Prepariamoci alla rivoluzione

Wesley Clark è un generale Usa premiato con medaglia d'argento per il suo “eroismo” nella Guerra del Vietnam: era anche comandante in capo della Nato in occasione del tiro a bersaglio alla Jugoslavia durato 78 giorni di fila, e anche per quest'altra eroica impresa ha ricevuto medaglie al valore. Nel 2001 dichiarò, alla presenza di Bush: “Sono molto contento che abbiamo in carica una grande squadra di governo, composta da persone del livello di Colin Powell, Dick Cheney, Condoleeza Rice, persone che conosco molto bene, signor Presidente. Abbiamo bisogno di loro nei posti che occupano”. Poi evidentemente visto il fallimento militare in Iraq, ha abbandonato i Repubblicani e si è buttato con i Democratici. Di costui 'La Repubblica' ha pubblicato un articolo in prima pagina (17 sett. 2007) fingendo di credere che Wesley Clark rappresenti una posizione contraria all'aggressione all'Iran, aggressione che l'apparato militare Usa ha già messo a punto. Lui stesso scrive che non solo Bush ma anche i contendenti alla Casa Bianca “hanno detto chiaramente che non permetteranno a Teheran di perseguire tale obiettivo” (dotarsi dell'atomica). Quindi la sua conclusione che “la guerra migliore è quella che non necessita di essere combattuta” è ipocrita, serve a ingannare la gente. Questo generale intende dare una preventiva copertura all'assenso che la Clinton (di cui è divenuto galoppino elettorale) darà all'intervento in Iran. Spiega in che cosa consisterà il “conflitto”: tre settimane consecutive di attacchi “con molti missili” e con gli irraggiungibili superbombardieri B52 per non dare a Teheran la possibilità di alcuna rappresaglia. “Qualsiasi guerra futura degli Stati Uniti - scrive - senza alcun dubbio sarà influenzata fortemente dalle esperienze in Iraq e Afghanistan, per quanto doloroso ciò possa essere. Tradotto in linguaggio più chiaro significa che l'intensità di fuoco, rispetto ai bombardamenti all'Iraq e all'Afghanistan, dovrà decuplicare o centuplicare “per quanto doloroso ciò possa essere”. Viene dunque prospettato un massacro senza precedenti, e la riduzione del territorio iraniano a paesaggio lunare.

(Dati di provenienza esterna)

lemma integrable_post_kernel:
  assumes "0 < e"
  shows "integrable lborel (post_kernel e)"
proof (rule Bochner_Integration.integrable_bound)
  have "set_integrable lborel {..-e} (\<lambda>u. exp (e / 2 * u))"
    using assms by (intro set_integrable_exp_atMost) auto
  then have "integrable lborel (\<lambda>u. 2 / e * exp (e\<^sup>2 / 8) * (indicator {..-e} u * exp (e / 2 * u)))"
    unfolding set_integrable_def by simp
  then show "integrable lborel
      (\<lambda>u. indicator {..-e} u * (2 / e * exp (e\<^sup>2 / 8) * exp (e / 2 * u)) + phi u / Phi 0)"
    by (intro Bochner_Integration.integrable_add integrable_divide) (simp_all add: mult_ac)
  show "AE u in lborel. norm (post_kernel e u) \<le>
      norm (indicator {..-e} u * (2 / e * exp (e\<^sup>2 / 8) * exp (e / 2 * u)) + phi u / Phi 0)"
    using post_kernel_le[OF assms] post_kernel_pos[of e]
    by (intro AE_I2) (metis abs_ge_self abs_of_pos real_norm_def order_trans)
qed simp

lemma has_real_derivative_post_mass:
  "0 < e \<Longrightarrow> (post_mass e has_real_derivative post_kernel e v) (at v)"
  unfolding post_mass_def[abs_def]
  by (rule has_real_derivative_set_integral_atMost)
     (auto intro: integrable_post_kernel isCont_post_kernel)

lemma tendsto_post_mass_at_top: "0 < e \<Longrightarrow> (post_mass e \<longlongrightarrow> post_norm e) at_top"
  unfolding post_mass_def[abs_def] post_norm_def
  by (intro tendsto_set_integral_atMost_at_top integrable_post_kernel)

lemma tendsto_post_mass_at_bot: "0 < e \<Longrightarrow> (post_mass e \<longlongrightarrow> 0) at_bot"
  unfolding post_mass_def[abs_def]
  by (intro tendsto_set_integral_atMost_at_bot integrable_post_kernel)

lemma post_norm_ge_1:
  assumes "0 < e"
  shows "1 \<le> post_norm e"
proof -
  have "(LBINT u. phi u) \<le> (LBINT u. post_kernel e u)"
  proof (rule integral_mono)
    show "phi u \<le> post_kernel e u" for u
      using phi_pos[of u] Phi_pos[of "u + e"] Phi_less_1[of "u + e"]
      by (simp add: post_kernel_def field_simps)
  qed (use assms integrable_post_kernel in auto)
  then show ?thesis by (simp add: post_norm_def)
qed

lemma has_real_derivative_Phi_quot:
  "((\<lambda>v. Phi v / Phi (v + e)) has_real_derivative post_kernel e v * (1 - mills_quot e v)) (at v)"
proof -
  have "Phi v \<noteq> 0" "Phi (v + e) \<noteq> 0" "phi v \<noteq> 0"
    using Phi_pos phi_pos by (metis less_irrefl)+
  then show ?thesis
    unfolding post_kernel_def mills_quot_def
    by (auto intro!: derivative_eq_intros simp: field_simps power2_eq_square)
qed

lemma tendsto_Phi_quot_at_top: "((\<lambda>v. Phi v / Phi (v + e)) \<longlongrightarrow> 1) at_top"
proof -
  have "filterlim (\<lambda>v. v + e) at_top at_top"
    by real_asymp
  then have "((\<lambda>v. Phi v / Phi (v + e)) \<longlongrightarrow> 1 / 1) at_top"
    by (intro tendsto_divide tendsto_Phi_at_top filterlim_compose[OF tendsto_Phi_at_top]) auto
  then show ?thesis by simp
qed

lemma tendsto_Phi_quot_at_bot:
  assumes "0 < e"
  shows "((\<lambda>v. Phi v / Phi (v + e)) \<longlongrightarrow> 0) at_bot"
proof (rule tendsto_sandwich[where f = "\<lambda>_. 0" and h = "\<lambda>v. exp (e * v + e\<^sup>2 / 2)"])
  show "\<forall>\<^sub>F v in at_bot. 0 \<le> Phi v / Phi (v + e)"
    by (simp add: Phi_pos less_imp_le)
  show "\<forall>\<^sub>F v in at_bot. Phi v / Phi (v + e) \<le> exp (e * v + e\<^sup>2 / 2)"
  proof (intro always_eventually allI)
    fix v
    have "mills_quot e v = Phi v / Phi (v + e) * exp (- e * v - e\<^sup>2 / 2)"
      using phi_pos[of v] unfolding mills_quot_def phi_add[of v e] by (simp add: field_simps)
    then have "Phi v / Phi (v + e) = mills_quot e v * exp (e * v + e\<^sup>2 / 2)"
      by (simp add: mult.assoc exp_add[symmetric])
    also have "\<dots> \<le> exp (e * v + e\<^sup>2 / 2)"
      using mills_quot_less_1[OF assms, of v] by simp
    finally show "Phi v / Phi (v + e) \<le> exp (e * v + e\<^sup>2 / 2)" .
  qed
  show "((\<lambda>v. exp (e * v + e\<^sup>2 / 2)) \<longlongrightarrow> 0) at_bot"
    using assms by real_asymp
qed simp

text \<open>
  The difference \<open>F = post_mass e - post_norm e * \<Phi> / \<Phi> (\<cdot> + e)\<close> vanishes at \<open>\<plusminus>\<infinity>\<close>,
  and its derivative \<open>post_kernel e * (1 - post_norm e * (1 - mills_quot e))\<close> changes sign
  at most once, from \<open>+\<close> to \<open>-\<close>, because \<open>mills_quot e\<close> is strictly decreasing.
\<close>

lemma Phi_quot_less_post_mass_div_norm:
  assumes "0 < e"
  shows "Phi v / Phi (v + e) < post_mass e v / post_norm e"
proof -
  define Z where "Z = post_norm e"
  have Z: "1 \<le> Z"
    using post_norm_ge_1[OF assms] by (simp add: Z_def)
  define F where "F v = post_mass e v - Z * (Phi v / Phi (v + e))" for v
  have "0 < F v"
  proof (rule pos_if_tendsto_0_and_deriv_single_crossing[where F = F])
    show "(F has_real_derivative post_kernel e x * (1 - Z + Z * mills_quot e x)) (at x)" for x
    proof -
      have "(F has_real_derivative post_kernel e x - Z * (post_kernel e x * (1 - mills_quot e x)))
          (at x)"
        unfolding F_def[abs_def]
        by (intro DERIV_diff DERIV_cmult has_real_derivative_post_mass[OF assms]
            has_real_derivative_Phi_quot)
      then show ?thesis by (simp add: algebra_simps)
    qed
    show "post_kernel e y * (1 - Z + Z * mills_quot e y) < 0"
      if "x < y" "post_kernel e x * (1 - Z + Z * mills_quot e x) \<le> 0" for x y
    proof -
      have "1 - Z + Z * mills_quot e x \<le> 0"
        using that(2) post_kernel_pos[of e x] by (simp add: mult_le_0_iff)
      moreover have "Z * mills_quot e y < Z * mills_quot e x"
        using mills_quot_strict_antimono[OF assms that(1)] Z by simp
      ultimately show ?thesis
        using post_kernel_pos[of e y] by (simp add: mult_pos_neg)
    qed
    show "(F \<longlongrightarrow> 0) at_bot"
      using tendsto_diff[OF tendsto_post_mass_at_bot[OF assms]
          tendsto_mult[OF tendsto_const[of Z] tendsto_Phi_quot_at_bot[OF assms]]]
      by (simp add: F_def[abs_def])
    show "(F \<longlongrightarrow> 0) at_top"
      using tendsto_diff[OF tendsto_post_mass_at_top[OF assms]
          tendsto_mult[OF tendsto_const[of Z] tendsto_Phi_quot_at_top]]
      by (simp add: F_def[abs_def] Z_def)
  qed
  then show ?thesis
    using Z by (simp add: F_def Z_def field_simps)
qed

lemma sel_post_cdf_eq_post_mass:
  assumes "0 < \<sigma>"
  shows "sel_post_cdf \<sigma> t y \<theta> =
    post_mass ((y - t) / \<sigma>) ((\<theta> - y) / \<sigma>) / post_norm ((y - t) / \<sigma>)"
proof -
  define e where "e = (y - t) / \<sigma>"
  define f where "f s = phi ((s - y) / \<sigma>) / sel_prob \<sigma> t s" for s
  have f_affine: "f (y + \<sigma> * u) = post_kernel e u" for u
  proof -
    have "(y + \<sigma> * u - t) / \<sigma> = u + e"
      using assms by (simp add: e_def field_simps)
    then show ?thesis
      using assms by (simp add: f_def post_kernel_def sel_prob_def)
  qed
  have "(LBINT s:{..\<theta>}. f s) = \<sigma> * (LBINT u. indicator {..\<theta>} (y + \<sigma> * u) *\<^sub>R f (y + \<sigma> * u))"
    unfolding set_lebesgue_integral_def
    using lborel_integral_real_affine[of \<sigma> "\<lambda>s. indicator {..\<theta>} s * f s" y] assms by simp
  also have "(LBINT u. indicator {..\<theta>} (y + \<sigma> * u) *\<^sub>R f (y + \<sigma> * u)) =
      (LBINT u. indicator {..(\<theta> - y) / \<sigma>} u *\<^sub>R post_kernel e u)"
  proof (rule Bochner_Integration.integral_cong[OF refl])
    fix u
    have "y + \<sigma> * u \<le> \<theta> \<longleftrightarrow> u \<le> (\<theta> - y) / \<sigma>"
      using assms by (simp add: field_simps)
    then show "indicator {..\<theta>} (y + \<sigma> * u) *\<^sub>R f (y + \<sigma> * u) =
        indicator {..(\<theta> - y) / \<sigma>} u *\<^sub>R post_kernel e u"
      by (simp add: f_affine indicator_def)
  qed
  finally have num: "(LBINT s:{..\<theta>}. f s) = \<sigma> * post_mass e ((\<theta> - y) / \<sigma>)"
    by (simp add: post_mass_def set_lebesgue_integral_def)
  have den: "(LBINT s. f s) = \<sigma> * post_norm e"
    using lborel_integral_real_affine[of \<sigma> f y] assms by (simp add: f_affine post_norm_def)
  show ?thesis
    unfolding sel_post_cdf_def f_def[symmetric] num den e_def using assms by simp
qed

lemma sel_post_quantile_less:
  assumes "0 < \<sigma>" "t < y" "0 < \<alpha>" and less: "\<alpha> < sel_post_cdf \<sigma> t y \<theta>"
  shows "sel_post_quantile \<sigma> t \<alpha> y < \<theta>"
proof -
  define e where "e = (y - t) / \<sigma>"
  have e: "0 < e"
    using assms by (simp add: e_def)
  define P where "P \<theta> = sel_post_cdf \<sigma> t y \<theta>" for \<theta>
  have P_eq: "P = (\<lambda>\<theta>. post_mass e ((\<theta> - y) / \<sigma>) / post_norm e)"
    by (simp add: fun_eq_iff P_def sel_post_cdf_eq_post_mass[OF assms(1)] e_def)
  have cont: "isCont P \<theta>"
    unfolding P_eq using post_norm_ge_1[OF e] assms(1)
    by (intro continuous_intros isCont_o2[OF _ DERIV_isCont[OF has_real_derivative_post_mass[OF e]]])
       auto
  have "filterlim (\<lambda>\<theta>. (\<theta> - y) / \<sigma>) at_bot at_bot"
    using assms(1) by real_asymp
  then have "((\<lambda>\<theta>. post_mass e ((\<theta> - y) / \<sigma>)) \<longlongrightarrow> 0) at_bot"
    by (rule filterlim_compose[OF tendsto_post_mass_at_bot[OF e]])
  then have "(P \<longlongrightarrow> 0) at_bot"
    unfolding P_eq by (rule tendsto_divide_zero)
  then obtain \<theta>\<^sub>1 where \<theta>\<^sub>1: "\<And>\<theta>. \<theta> \<le> \<theta>\<^sub>1 \<Longrightarrow> P \<theta> < \<alpha>"
    using order_tendstoD(2)[of P 0 at_bot \<alpha>] assms(3) by (auto simp: eventually_at_bot_linorder)
  have "bdd_below {\<theta>. \<alpha> \<le> P \<theta>}"
  proof (rule bdd_belowI)
    fix \<theta> assume "\<theta> \<in> {\<theta>. \<alpha> \<le> P \<theta>}"
    then show "\<theta>\<^sub>1 \<le> \<theta>"
      using \<theta>\<^sub>1[of \<theta>] by (cases "\<theta> \<le> \<theta>\<^sub>1") auto
  qed
  moreover obtain d where "0 < d" "\<And>\<theta>'. \<theta>' \<noteq> \<theta> \<Longrightarrow> dist \<theta>' \<theta> < d \<Longrightarrow> \<alpha> < P \<theta>'"
    using order_tendstoD(1)[OF cont[unfolded isCont_def] less[folded P_def]]
    by (auto simp: eventually_at)
  then have "\<theta> - d / 2 \<in> {\<theta>. \<alpha> \<le> P \<theta>}"
    by (simp add: dist_real_def less_imp_le)
  ultimately have "sel_post_quantile \<sigma> t \<alpha> y \<le> \<theta> - d / 2"
    unfolding sel_post_quantile_def P_def[symmetric] by (rule cInf_lower[rotated])
  then show ?thesis
    using \<open>0 < d\<close> by simp
qed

Si è levata un'altra voce, ancora più ufficiale di quella di Wesley Clark: l'ex-ambasciatore all'Onu, Bolton, stretto collaboratore e consigliere di Cheney, in una breve intervista alla “Stampa” (18 sett. 2007) dice che “il tempo delle sanzioni contro l'Iran è arrivato ed è andato via”. Prospetta due soluzioni: o “un cambio di regime a Teheran” (nel quale neppure lui crede) o “l'uso della forza. Siamo molto vicini a quest'ultima possibilità ”. E poi conclude minaccioso: ”il tempo per fermare Teheran sta scadendo”.

Per ingannare l'opinione pubblica anche il New York Times (citato da Repubblica il 17 sett. 2007 che così titolava: “I 'falchi' Usa premono per il Blitz…”) fa finta di credere (in ciò rinnovando la tradizionale menzogna di dividere gli sterminatori di Washington in falchi e colombe) che Cheney è determinato mentre Condoleeza Rice sarebbe la colomba. E' arduo immaginare questa donna nera, più uomo degli uomini e più bianca dei bianchi, stringere fra i denti un ramoscello d'ulivo.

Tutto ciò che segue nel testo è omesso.